I used to try and optimize my distraction-free writing setup, until I realized that by doing so I was distracting myself from writing. I’ve come to realize that if you want to write, then just write. It sounds oversimplified, but that’s the crux of it. Once you get over the initial hill and form the habit of writing, tools no longer matter.
There are a lot of hobbies like that. More than half of woodworking discussions are not about woodworking, but how to setup a great shop and what tools to put into it. Musicians often talk about and trade guitars more than play. Sewing is often more about collecting fabric than doing something with it. That is just a short random example, there are plenty of more.
None of the above are bad things. There is nothing wrong with the above so long as you are honest about it, but it starts to consume time that you think you are spending on something else. Woodworkers need a place to work - while must great things are made in a kitchen that not an ideal location (OTHO I have a nice shop but still work in the kitchen because it is faster to get there). Likewise, your guitar is a part of your sound and so you really should try others from time to time; sewers should have some fabric to work with. Many "woodworkers" changed their goal is restoring old tools as well, which again is fine but not what the hobby it about.

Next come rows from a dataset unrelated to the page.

(* Let $\alpha>0$, let $n\in\mathbb{N}$, and for $w\in\mathbb{D}$ and $i\in\mathbb{N}$ set $f_w^{[i]}(z)=\frac{z^i}{(1-\overline{w}z)^{\alpha+i}}$. Then there is a constant $C>0$ (independent of $w$ and of the scalars) such that for all non-zero complex scalars $c_0,c_1,\dots,c_n$ and all $w\in\mathbb{D}$ with $|w|>\frac12$, $$\left\|\sum_{i=0}^n c_if_w^{[i]}\right\|_{\mathcal{B}^{\alpha}}\ge C\sum_{i=0}^n|c_i|\,\|f_w^{[i]}\|_{\mathcal{B}^{\alpha}}.$$
   Context: $\mathbb{D}$ is the open unit disc in $\mathbb{C}$. For $\alpha>0$, $\mathcal{B}^{\alpha}$ is the space of analytic $f$ on $\mathbb{D}$ with $\|f\|_{\mathcal{B}^{\alpha}}=|f(0)|+\sup_{z\in\mathbb{D}}(1-|z|^2)^{\alpha}|f'(z)|<\infty$. *)

theory Defs
  imports "HOL-Analysis.Analysis"
begin

definition bloch_norm :: "real \<Rightarrow> (complex \<Rightarrow> complex) \<Rightarrow> real" where
  "bloch_norm \<alpha> f = norm (f 0) +
     (SUP z\<in>ball 0 1. (1 - (norm z)\<^sup>2) powr \<alpha> * norm (deriv f z))"

text \<open>f_w^[i](z) = z^i / (1 - conj(w) z)^(alpha+i), principal branch
  (1 - conj w z has positive real part on the disc).\<close>
definition fw :: "real \<Rightarrow> complex \<Rightarrow> nat \<Rightarrow> complex \<Rightarrow> complex" where
  "fw \<alpha> w i z = z ^ i / (1 - cnj w * z) powr (complex_of_real (\<alpha> + real i))"

end

theory Submission
  imports Defs "HOL-Computational_Algebra.Polynomial"
begin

So back to the question: what is the goal? If the goal is to write, then you need to write most of your time. Once in a while it is fine to ask "would a better keyboard be worth it", but if you are not spending the majority of your time on writing tasks (which is mostly editing) you are not a writer.
there was a great passage in jerome k jerome's "three men on the bummel" about how riding bicycles and tinkering with bicycles were both great passions, but any given person could do only one of them.
There was a point in university when I was trying to find the "best" note taking system to be organized and as efficient as possible. Tried some tablets, did latex live during lectures, markdown, you name it. Each time I wanted to do something I'd get blocked on deciding where to write.
Then I realized that I spend more time about thinking about how to organize my notes than actually taking the notes, or even more importantly focus on the content.
That was a freeing realization that got me unblocked. Now I do not have a "system". My thoughts go wherever is most convenient at that moment, I have papers lying around, docs, Apple notes. If they turn out to be important, they'll naturally become structured.
That being said, whenever I see some tool like this, I still have a passing thought - ah, that's a great system I should have it, it will enable me to be more productive :)
5mm (cheap) A4 Pad on my desk and a pen - nothing important/with duration longer than a day or two goes in there (but I write the date at the top right of each page and keep them on a two month sliding date window), I tried taking a photo of each page but realised I never looked back more than a couple of months so just stopped bothering.
Everything else I just throw around on the filesystem wherever makes sense for the thing I'm doing.
I agree with this. I would add that the important part of the practice of writing is not the tools, but once you are writing you can try tools that help you continue. For my creative writing (that I do mostly as a hobby) I have a nice notebook with a nice pen that I use to write short stories and world building excercises, and characters, etc. I don't need the nice notebook, I did not get it before starting, but it does feel nice to come home having thought of what to write and have a pleasant notebook and pen.
My job includes writing technical documents but I use latex and emacs because that's what I have always used.
I thought about it when I read Charlie Stross getting one last year [0]. Then thought, what is essential about it? And decided to try something related, even if it was likely to be just another distraction:
This is the simple "just-write" function I wrote in emacs, and it also needs the olivetti package and the wmctrl program.
To my surprise, it actually did the trick. I've written more and more pleasantly since then. I feel it's better than if I had gotten a Writer Deck or similar. So I thought I'd share in case it does the trick for anyone else.
(I also use a font and a color scheme that pleases me, but that's minor.)
Seems similar to people who keep buying tools, say for woodworking, and never really start a project. Like a kind of procrastination. Although there are people that are aware of that, but they have just pleasure with it. I guess is ok.
Pad plus paper works best for me. Although truth be told I did fall down the fountain pen/ink/fine paper rabbit hole, so honestly there is no escaping it.